(Beginning of DATA TO PROCESS)
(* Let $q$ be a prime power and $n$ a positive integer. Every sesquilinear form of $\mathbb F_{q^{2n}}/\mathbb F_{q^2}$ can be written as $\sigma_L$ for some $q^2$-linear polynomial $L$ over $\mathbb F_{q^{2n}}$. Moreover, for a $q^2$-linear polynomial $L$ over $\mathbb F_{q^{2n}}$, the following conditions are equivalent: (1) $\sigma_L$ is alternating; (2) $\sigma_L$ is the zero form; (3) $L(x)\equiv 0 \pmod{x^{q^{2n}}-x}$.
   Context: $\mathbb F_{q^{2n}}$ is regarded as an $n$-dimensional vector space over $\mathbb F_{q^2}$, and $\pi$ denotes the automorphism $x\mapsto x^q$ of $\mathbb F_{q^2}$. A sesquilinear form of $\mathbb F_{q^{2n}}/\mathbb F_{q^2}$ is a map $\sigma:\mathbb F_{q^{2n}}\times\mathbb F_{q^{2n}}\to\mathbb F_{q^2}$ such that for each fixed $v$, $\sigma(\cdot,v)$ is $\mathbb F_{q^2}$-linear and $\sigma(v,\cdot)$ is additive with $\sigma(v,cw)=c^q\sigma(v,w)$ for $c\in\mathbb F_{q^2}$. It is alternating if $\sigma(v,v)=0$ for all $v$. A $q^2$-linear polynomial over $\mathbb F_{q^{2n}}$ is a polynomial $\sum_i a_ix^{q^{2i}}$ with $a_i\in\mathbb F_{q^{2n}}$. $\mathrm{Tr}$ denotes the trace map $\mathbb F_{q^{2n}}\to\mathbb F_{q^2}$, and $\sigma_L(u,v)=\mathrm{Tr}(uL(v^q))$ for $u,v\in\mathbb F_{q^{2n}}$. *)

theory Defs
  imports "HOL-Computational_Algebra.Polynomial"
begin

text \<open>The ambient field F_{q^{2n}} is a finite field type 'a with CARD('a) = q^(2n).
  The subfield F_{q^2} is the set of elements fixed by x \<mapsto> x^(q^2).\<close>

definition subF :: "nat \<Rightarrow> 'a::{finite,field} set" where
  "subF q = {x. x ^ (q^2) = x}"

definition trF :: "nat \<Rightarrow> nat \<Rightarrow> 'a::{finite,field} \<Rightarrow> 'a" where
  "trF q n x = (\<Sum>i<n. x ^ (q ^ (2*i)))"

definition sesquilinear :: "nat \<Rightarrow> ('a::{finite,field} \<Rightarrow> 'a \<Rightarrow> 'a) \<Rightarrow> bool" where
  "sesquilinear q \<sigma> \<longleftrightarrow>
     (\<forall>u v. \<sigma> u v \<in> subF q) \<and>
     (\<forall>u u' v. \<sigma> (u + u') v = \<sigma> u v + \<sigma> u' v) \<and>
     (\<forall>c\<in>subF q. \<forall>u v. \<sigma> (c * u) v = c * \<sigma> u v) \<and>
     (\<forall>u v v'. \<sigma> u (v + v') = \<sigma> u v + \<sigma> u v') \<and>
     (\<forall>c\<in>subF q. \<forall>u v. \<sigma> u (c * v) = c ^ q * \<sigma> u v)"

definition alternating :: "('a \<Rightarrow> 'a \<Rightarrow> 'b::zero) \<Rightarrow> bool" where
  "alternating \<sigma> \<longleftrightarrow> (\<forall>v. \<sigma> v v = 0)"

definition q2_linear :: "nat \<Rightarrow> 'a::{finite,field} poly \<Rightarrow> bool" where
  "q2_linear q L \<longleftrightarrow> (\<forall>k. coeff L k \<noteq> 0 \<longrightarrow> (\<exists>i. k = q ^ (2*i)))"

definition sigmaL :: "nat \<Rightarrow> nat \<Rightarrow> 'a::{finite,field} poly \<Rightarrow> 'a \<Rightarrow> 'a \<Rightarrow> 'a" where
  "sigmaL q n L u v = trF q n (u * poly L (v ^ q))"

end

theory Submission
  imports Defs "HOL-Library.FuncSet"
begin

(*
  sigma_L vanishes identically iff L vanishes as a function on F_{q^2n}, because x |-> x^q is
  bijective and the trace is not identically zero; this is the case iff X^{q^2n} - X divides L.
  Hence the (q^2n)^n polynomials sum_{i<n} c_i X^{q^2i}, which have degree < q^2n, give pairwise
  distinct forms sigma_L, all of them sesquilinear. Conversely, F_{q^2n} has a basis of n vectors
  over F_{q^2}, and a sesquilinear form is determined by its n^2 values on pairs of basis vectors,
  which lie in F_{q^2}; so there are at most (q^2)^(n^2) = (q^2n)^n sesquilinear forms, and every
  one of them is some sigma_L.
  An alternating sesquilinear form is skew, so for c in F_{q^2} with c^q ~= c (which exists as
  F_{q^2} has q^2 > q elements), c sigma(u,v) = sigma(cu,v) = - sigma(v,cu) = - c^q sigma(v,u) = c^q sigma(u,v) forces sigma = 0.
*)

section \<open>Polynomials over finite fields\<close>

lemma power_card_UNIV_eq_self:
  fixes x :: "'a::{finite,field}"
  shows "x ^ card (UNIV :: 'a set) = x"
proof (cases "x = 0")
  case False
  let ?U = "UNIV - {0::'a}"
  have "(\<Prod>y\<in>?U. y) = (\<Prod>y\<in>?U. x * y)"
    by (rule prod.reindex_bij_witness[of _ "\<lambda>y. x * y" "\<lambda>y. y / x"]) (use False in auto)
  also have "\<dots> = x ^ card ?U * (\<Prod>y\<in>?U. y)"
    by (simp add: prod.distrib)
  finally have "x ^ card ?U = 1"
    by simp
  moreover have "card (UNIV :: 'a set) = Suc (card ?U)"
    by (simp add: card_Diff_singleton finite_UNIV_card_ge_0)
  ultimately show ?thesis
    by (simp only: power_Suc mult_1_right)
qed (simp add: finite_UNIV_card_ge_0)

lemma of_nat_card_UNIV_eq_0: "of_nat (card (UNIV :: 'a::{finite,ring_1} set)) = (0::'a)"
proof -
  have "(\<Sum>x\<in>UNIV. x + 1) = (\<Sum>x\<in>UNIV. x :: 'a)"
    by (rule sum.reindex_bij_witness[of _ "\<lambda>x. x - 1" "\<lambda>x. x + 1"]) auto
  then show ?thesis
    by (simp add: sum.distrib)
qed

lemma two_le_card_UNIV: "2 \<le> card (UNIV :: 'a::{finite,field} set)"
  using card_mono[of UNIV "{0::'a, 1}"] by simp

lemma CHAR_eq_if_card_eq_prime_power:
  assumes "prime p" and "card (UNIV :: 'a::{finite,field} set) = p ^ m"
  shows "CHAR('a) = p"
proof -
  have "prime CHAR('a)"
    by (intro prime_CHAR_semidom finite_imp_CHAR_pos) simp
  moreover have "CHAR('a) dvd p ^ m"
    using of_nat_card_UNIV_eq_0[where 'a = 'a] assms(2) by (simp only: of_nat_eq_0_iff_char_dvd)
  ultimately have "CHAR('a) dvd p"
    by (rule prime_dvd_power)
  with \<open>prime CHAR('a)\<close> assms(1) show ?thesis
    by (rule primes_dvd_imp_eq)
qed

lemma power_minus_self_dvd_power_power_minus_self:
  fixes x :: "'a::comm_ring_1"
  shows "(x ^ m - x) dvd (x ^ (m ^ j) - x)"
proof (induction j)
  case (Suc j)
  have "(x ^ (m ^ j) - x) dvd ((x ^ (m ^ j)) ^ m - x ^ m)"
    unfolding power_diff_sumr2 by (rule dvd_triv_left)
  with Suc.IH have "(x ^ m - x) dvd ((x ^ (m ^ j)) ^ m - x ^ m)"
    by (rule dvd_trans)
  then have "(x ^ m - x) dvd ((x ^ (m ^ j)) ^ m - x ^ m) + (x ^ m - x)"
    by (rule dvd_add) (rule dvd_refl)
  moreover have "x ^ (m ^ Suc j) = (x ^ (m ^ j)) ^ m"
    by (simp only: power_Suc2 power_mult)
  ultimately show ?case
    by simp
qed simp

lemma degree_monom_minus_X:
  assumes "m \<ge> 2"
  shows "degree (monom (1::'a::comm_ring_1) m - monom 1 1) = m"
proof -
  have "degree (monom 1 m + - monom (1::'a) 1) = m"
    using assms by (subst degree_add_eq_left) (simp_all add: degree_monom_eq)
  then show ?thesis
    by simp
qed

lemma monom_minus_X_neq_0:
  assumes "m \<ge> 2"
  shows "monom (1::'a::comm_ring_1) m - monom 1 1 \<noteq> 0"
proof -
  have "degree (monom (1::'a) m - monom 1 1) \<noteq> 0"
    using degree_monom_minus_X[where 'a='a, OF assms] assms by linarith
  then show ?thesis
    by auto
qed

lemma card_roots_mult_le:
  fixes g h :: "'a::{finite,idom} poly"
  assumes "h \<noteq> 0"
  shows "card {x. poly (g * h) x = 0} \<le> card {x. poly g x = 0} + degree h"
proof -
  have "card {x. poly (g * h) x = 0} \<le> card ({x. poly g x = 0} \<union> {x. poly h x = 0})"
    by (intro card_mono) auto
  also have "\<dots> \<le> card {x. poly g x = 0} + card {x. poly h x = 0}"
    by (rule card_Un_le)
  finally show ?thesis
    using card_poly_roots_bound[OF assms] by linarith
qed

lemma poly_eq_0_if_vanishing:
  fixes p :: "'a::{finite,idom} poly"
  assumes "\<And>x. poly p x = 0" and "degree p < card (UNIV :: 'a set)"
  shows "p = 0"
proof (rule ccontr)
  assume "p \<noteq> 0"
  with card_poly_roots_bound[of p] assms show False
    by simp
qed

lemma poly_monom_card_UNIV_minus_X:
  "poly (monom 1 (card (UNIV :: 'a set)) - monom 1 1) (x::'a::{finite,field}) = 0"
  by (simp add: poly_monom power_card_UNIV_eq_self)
(End of DATA TO PROCESS)
▸ WORK TO BE COMPLETED:
List every line in the records above that contains the word "dots".

▸ PROBLEM SOLUTION:
  also have "\<dots> = x ^ card ?U * (\<Prod>y\<in>?U. y)"
  also have "\<dots> \<le> card {x. poly g x = 0} + card {x. poly h x = 0}"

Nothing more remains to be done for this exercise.